Jan. 25th was a happy day for the city of Fort Lauderdale, Fla., as Mayor Dean Trentalis and Police Chief William Schultz announced in a press conference the recovery of a $1.162-million electronic payment meant for Moss Construction that had been stolen in September via an email phishing fraud.
The FBI, the U.S. Secret Service and the city's police had all worked on the investigation of the diverted money, which was a payment for work on a $100-million police headquarters—a three-story building.
And unlike another recent construction payment stolen through an email phishing scheme—last year's theft of a $735K payment for a warehouse in Minnesota—this investigation started soon after the funds were diverted.
"The incident," according to a statement from the U.S. Secret Service, occurred on Thursday, Sept. 14, 2023. Six days later the city had announced the theft.
In contrast, the Minnesota phishing theft was not detected for a month, according to court documents in lawsuits and liens generated by that lost payment.
Had more weeks passed, it's possible the money never would have been recovered because the Florida theft—performed by an international criminal ring—was trying to move the funds from the accounts where they had been temporarily parked. All three of the accounts belonged to other victims of the criminal ring who had been lured into opening them as part of email romantic relationship schemes.
According to a chart prepared by city officials, investigators recovered the funds as they were being moved via checks from the first account, to which the contractor's payment was mistakenly sent via a $491,000 personal check and a $550,000 cashier's check.
City officials showed how funds in the three-story police headquarters phishing scam were recovered.
Screenshot: WTVJ-Ft. Lauderdale
"They located them fairly quick, they froze the funds and then were able to retrieve them back" before they were moved into cryptocurrency or into an overseas bank account, Schultz said at a briefing.
The cyber thieves had collected forms needed for and the steps required for Fort Lauderdale to release the progress payments. "They had all that," said Trentalis.
After an employee of the city's Finance Dept. transferred the funds on September 14th, the finance department notified the police department's economic crimes detectives, and they "immediately began attempting to trace the money," the city police said in a statement issued in January.
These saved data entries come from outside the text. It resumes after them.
(* Let $f_1,\dots,f_k$ be $C^1$ diffeomorphisms of a compact $d$-dimensional Riemannian manifold $M$ preserving the volume $m$, and suppose the associated Bernoulli IFS is $(n_0,\kappa_1,\kappa_2,b)$-uniform. Then there exist $C_1,\sigma>0$ such that for every $x\in M$, every $(d-b)$-dimensional subspace $E\subset T_xM$ and every integer $n\ge0$, $$\mathbb E\Big(\sup_{v\in U(E^\perp)}\big\|P_{(Df^n_\omega(x)E)^\perp}Df^n_\omega(x)v\big\|^{\sigma}\Big)<C_1e^{-n\sigma\kappa_1},\qquad \mathbb E\Big(\big(\inf_{v\in U(E)}\|Df^n_\omega(x)v\|\big)^{-\sigma}\Big)<C_1e^{n\sigma\kappa_2}.$$
   Context: Bernoulli IFS: $\Omega=\{1,\dots,k\}^{\mathbb Z}$ with the uniform Bernoulli probability $\mathbb P$; for $\omega\in\Omega$ and $n\ge1$, $f^n_\omega=f_{\omega_{n-1}}\circ\cdots\circ f_{\omega_0}$ ($f^0_\omega=\mathrm{id}$); $\mathbb E$ denotes expectation in $\omega$. $U(G)$ is the set of unit vectors of a subspace $G$, $E^\perp$ the orthogonal complement, $P_G$ the orthogonal projection onto $G$. For $x\in M$, $E\subset T_xM$ of dimension $d-b$: $C(x,E,n)=\mathbb E\big(\log\sup_{v\in U(E^\perp)}\|P_{(Df^n_\omega(x)E)^\perp}Df^n_\omega(x)v\|\big)$, $D(x,E,n)=\mathbb E\big(\log\inf_{u\in U(E)}\|Df^n_\omega(x)u\|\big)$. The IFS is $(n_0,\kappa_1,\kappa_2,b)$-uniform ($n_0\ge1$, $\kappa_1>0$, $\kappa_2<\kappa_1$, $b\in[1,d-1]$) if for all such $x,E$: $\frac1{n_0}C(x,E,n_0)<-\kappa_1$ and $\frac1{n_0}D(x,E,n_0)>-\kappa_2$. *)

theory Defs
  imports "HOL-Probability.Probability"
begin

section \<open>Compact embedded C1 submanifolds of a Euclidean space (with induced Riemannian metric)\<close>

definition C1_on :: "'a::euclidean_space set \<Rightarrow> ('a \<Rightarrow> 'b::euclidean_space) \<Rightarrow> bool" where
  "C1_on S g \<longleftrightarrow> (\<exists>D :: 'a \<Rightarrow> ('a \<Rightarrow>\<^sub>L 'b).
       (\<forall>y\<in>S. (g has_derivative blinfun_apply (D y)) (at y)) \<and> continuous_on S D)"

definition C1_submanifold :: "'m::euclidean_space itself \<Rightarrow> 'a::euclidean_space set \<Rightarrow> bool" where
  "C1_submanifold _ M \<longleftrightarrow> (\<forall>x\<in>M. \<exists>U (W :: 'm set) \<phi> \<psi> (D :: 'm \<Rightarrow> ('m \<Rightarrow>\<^sub>L 'a)).
       open U \<and> x \<in> U \<and> open W \<and> homeomorphism W (M \<inter> U) \<phi> \<psi> \<and>
       (\<forall>w\<in>W. (\<phi> has_derivative blinfun_apply (D w)) (at w) \<and> inj (blinfun_apply (D w))) \<and>
       continuous_on W D)"

definition tangent_space :: "'a::euclidean_space set \<Rightarrow> 'a \<Rightarrow> 'a set" where
  "tangent_space M x = {v. \<exists>\<gamma>::real \<Rightarrow> 'a. (\<forall>t. \<gamma> t \<in> M) \<and> \<gamma> 0 = x \<and>
                              (\<gamma> has_vector_derivative v) (at 0)}"

definition Dmap :: "('a::euclidean_space \<Rightarrow> 'a) \<Rightarrow> 'a \<Rightarrow> 'a \<Rightarrow> 'a" where
  "Dmap g x = frechet_derivative g (at x)"

text \<open>g is a C1 diffeomorphism of M: it is (the restriction to M of) a C1 map of the ambient
  space, maps M bijectively onto M, and its inverse on M is (the restriction of) a C1 map.\<close>
definition C1_diffeo_of :: "'a::euclidean_space set \<Rightarrow> ('a \<Rightarrow> 'a) \<Rightarrow> bool" where
  "C1_diffeo_of M g \<longleftrightarrow> C1_on UNIV g \<and> g ` M = M \<and>
     (\<exists>h. C1_on UNIV h \<and> (\<forall>x\<in>M. h (g x) = x \<and> g (h x) = x))"

text \<open>Gram determinant of d vectors (squared d-dimensional volume of the parallelotope).\<close>
definition gram_det :: "nat \<Rightarrow> (nat \<Rightarrow> 'a::real_inner) \<Rightarrow> real" where
  "gram_det d v = (\<Sum>p\<in>{p. p permutes {..<d}}. of_int (sign p) * (\<Prod>i<d. v i \<bullet> v (p i)))"

text \<open>g preserves the Riemannian volume of the d-dimensional manifold M
  (Jacobian determinant of Dg(x) : T_xM \<rightarrow> T_{g x}M has absolute value 1 everywhere).\<close>
definition volume_preserving :: "nat \<Rightarrow> 'a::euclidean_space set \<Rightarrow> ('a \<Rightarrow> 'a) \<Rightarrow> bool" where
  "volume_preserving d M g \<longleftrightarrow> (\<forall>x\<in>M. \<forall>v. (\<forall>i<d. v i \<in> tangent_space M x) \<longrightarrow>
       gram_det d (\<lambda>i. Dmap g x (v i)) = gram_det d v)"

definition unit_vecs :: "'a::real_normed_vector set \<Rightarrow> 'a set" where
  "unit_vecs G = {v\<in>G. norm v = 1}"

text \<open>Orthogonal complement of E inside the ambient space T (here T = a tangent space).\<close>
definition orth_compl_in :: "'a::real_inner set \<Rightarrow> 'a set \<Rightarrow> 'a set" where
  "orth_compl_in T E = {v\<in>T. \<forall>u\<in>E. u \<bullet> v = 0}"

definition proj_onto :: "'a::real_inner set \<Rightarrow> 'a \<Rightarrow> 'a" where
  "proj_onto G v = (THE w. w \<in> G \<and> (\<forall>u\<in>G. (v - w) \<bullet> u = 0))"

definition bernoulli_space :: "nat \<Rightarrow> (int \<Rightarrow> nat) measure" where
  "bernoulli_space k = PiM UNIV (\<lambda>_::int. measure_pmf (pmf_of_set {1..k}))"

primrec fiter :: "(nat \<Rightarrow> 'a \<Rightarrow> 'a) \<Rightarrow> (int \<Rightarrow> nat) \<Rightarrow> nat \<Rightarrow> 'a \<Rightarrow> 'a" where
  "fiter f \<omega> 0 = id"
| "fiter f \<omega> (Suc n) = f (\<omega> (int n)) \<circ> fiter f \<omega> n"

definition Dfn :: "(nat \<Rightarrow> 'a::euclidean_space \<Rightarrow> 'a) \<Rightarrow> (int \<Rightarrow> nat) \<Rightarrow> nat \<Rightarrow> 'a \<Rightarrow> 'a \<Rightarrow> 'a" where
  "Dfn f \<omega> n x = Dmap (fiter f \<omega> n) x"

definition sup_transv :: "'a::euclidean_space set \<Rightarrow> (nat \<Rightarrow> 'a \<Rightarrow> 'a) \<Rightarrow> 'a \<Rightarrow> 'a set \<Rightarrow> nat \<Rightarrow> (int \<Rightarrow> nat) \<Rightarrow> real" where
  "sup_transv M f x E n \<omega> =
     (SUP v\<in>unit_vecs (orth_compl_in (tangent_space M x) E).
        norm (proj_onto (orth_compl_in (tangent_space M (fiter f \<omega> n x)) (Dfn f \<omega> n x ` E))
                        (Dfn f \<omega> n x v)))"

definition inf_along :: "(nat \<Rightarrow> 'a::euclidean_space \<Rightarrow> 'a) \<Rightarrow> 'a \<Rightarrow> 'a set \<Rightarrow> nat \<Rightarrow> (int \<Rightarrow> nat) \<Rightarrow> real" where
  "inf_along f x E n \<omega> = (INF u\<in>unit_vecs E. norm (Dfn f \<omega> n x u))"

definition C_fun :: "nat \<Rightarrow> 'a::euclidean_space set \<Rightarrow> (nat \<Rightarrow> 'a \<Rightarrow> 'a) \<Rightarrow> 'a \<Rightarrow> 'a set \<Rightarrow> nat \<Rightarrow> real" where
  "C_fun k M f x E n = (\<integral>\<omega>. ln (sup_transv M f x E n \<omega>) \<partial>bernoulli_space k)"

definition D_fun :: "nat \<Rightarrow> (nat \<Rightarrow> 'a::euclidean_space \<Rightarrow> 'a) \<Rightarrow> 'a \<Rightarrow> 'a set \<Rightarrow> nat \<Rightarrow> real" where
  "D_fun k f x E n = (\<integral>\<omega>. ln (inf_along f x E n \<omega>) \<partial>bernoulli_space k)"

definition uniform_IFS :: "nat \<Rightarrow> nat \<Rightarrow> 'a::euclidean_space set \<Rightarrow> (nat \<Rightarrow> 'a \<Rightarrow> 'a) \<Rightarrow>
     nat \<Rightarrow> real \<Rightarrow> real \<Rightarrow> nat \<Rightarrow> bool" where
  "uniform_IFS k d M f n0 \<kappa>1 \<kappa>2 b \<longleftrightarrow>
     n0 \<ge> 1 \<and> \<kappa>1 > 0 \<and> \<kappa>2 < \<kappa>1 \<and> 1 \<le> b \<and> b \<le> d - 1 \<and>
     (\<forall>x\<in>M. \<forall>E. subspace E \<and> E \<subseteq> tangent_space M x \<and> dim E = d - b \<longrightarrow>
        C_fun k M f x E n0 / real n0 < - \<kappa>1 \<and> D_fun k f x E n0 / real n0 > - \<kappa>2)"

end

theory Submission
  imports Defs
begin

text \<open>Along a word \<open>\<omega>\<^sub>0 \<dots> \<omega>\<^sub>n\<^sub>-\<^sub>1\<close> the transversal norm of the derivative is submultiplicative and
  the conorm on \<open>E\<close> supermultiplicative, so their logarithms are sub- and superadditive cocycles over
  the Bernoulli shift, bounded by \<open>n log L\<close> with \<open>L\<close> a bound for the derivatives and their inverses.
  The uniformity hypothesis says that their means over \<open>n0\<close> steps lie below \<open>-n0 \<kappa>1\<close> resp.
  above \<open>-n0 \<kappa>2\<close>; by compactness of the bundle of tangent \<open>(d-b)\<close>-planes and semicontinuity this
  holds with a uniform margin \<open>\<delta>\<close>. For bounded \<open>X\<close> and small \<open>\<sigma>\<close>,
  \<open>exp (\<sigma> X) \<le> 1 + \<sigma> X + \<sigma>\<^sup>2 X\<^sup>2\<close> turns the margin into a one-block bound for the
  \<open>\<sigma>\<close>-th moment, and since the first \<open>n\<close> symbols are uniformly distributed, conditioning on
  successive blocks of length \<open>n0\<close> multiplies these bounds.\<close>

section \<open>Orthogonal projections inside a subspace\<close>

lemma proj_onto_ex1:
  fixes G :: "'a::euclidean_space set"
  assumes "subspace G"
  shows "\<exists>!w. w \<in> G \<and> (\<forall>u\<in>G. (v - w) \<bullet> u = 0)"
proof -
  obtain y z where y: "y \<in> span G" and z: "\<And>w. w \<in> span G \<Longrightarrow> orthogonal z w" and v: "v = y + z"
    using orthogonal_subspace_decomp_exists by blast
  have sG: "span G = G" using assms by (simp add: span_eq_iff)
  have ex: "y \<in> G \<and> (\<forall>u\<in>G. (v - y) \<bullet> u = 0)"
    using y z v sG by (simp add: orthogonal_def)
  show ?thesis
  proof (rule ex1I[of _ y])
    fix w assume w: "w \<in> G \<and> (\<forall>u\<in>G. (v - w) \<bullet> u = 0)"
    have "y - w \<in> G" using w ex assms by (simp add: subspace_diff)
    then have "(v - w) \<bullet> (y - w) = 0" "(v - y) \<bullet> (y - w) = 0" using w ex by auto
    then have "(y - w) \<bullet> (y - w) = 0" by (simp add: algebra_simps inner_diff_left inner_diff_right)
    then show "w = y" by simp
  qed (rule ex)
qed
There have been no arrests or identities discovered of the cyber crooks behind the stolen and recovered payment, according to a police department spokeswoman.
Fort Lauderdale-based Moss Construction said in a statement issued in January that the company's "systems were never compromised, and our information remained safe and secure.
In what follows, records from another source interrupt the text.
theorem lemma9p3:
  fixes X :: "nat \<Rightarrow> 'a set" and act :: "(nat \<Rightarrow> nat) \<Rightarrow> nat \<Rightarrow> nat \<Rightarrow> 'a \<Rightarrow> 'a"
  assumes "simplicial_set X act" and "locally_finite X act"
  shows "free_abelian_subgroup (ZX_fin X act)"
proof (rule free_abelian_subgroupI[where L = "int_coeff X act"])
  show "0 \<in> ZX_fin X act" by (rule ZX_fin_zero)
  show "a - b \<in> ZX_fin X act" if "a \<in> ZX_fin X act" "b \<in> ZX_fin X act" for a b
    using that by (rule ZX_fin_diff)
  show "int_coeff X act i (a - b) = int_coeff X act i a - int_coeff X act i b"
    if "a \<in> ZX_fin X act" "b \<in> ZX_fin X act" for i a b
    using that by (rule int_coeff_diff)
  show "finite {i. int_coeff X act i \<phi> \<noteq> 0}" if "\<phi> \<in> ZX_fin X act" for \<phi>
    using assms(1) that by (rule int_coeff_finite)
  show "\<phi> = 0" if "\<phi> \<in> ZX_fin X act" "\<forall>i. int_coeff X act i \<phi> = 0" for \<phi>
    using that by (rule int_coeff_injective)
qed

end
"The facts are clear: bad actors used our good reputation and standard public information found on a basic internet search to try and cause harm,” said the statement.
As phishing thefts of construction payments have become a problem, some contracts now include fraudulent funds transfer clauses. The clauses may include security measures required, notification rules and allocation of responsibility for lost funds. The U.S. Secret Service advises calling a known point of contact by phone rather than changing banking information via emailing, emailing directly to a known email address rather than replying to a thread and reviewing the email domain name.
In general, other security experts advise great caution if an email, no matter how convincing it appears, asks to change the way or the account to which a payment should be sent.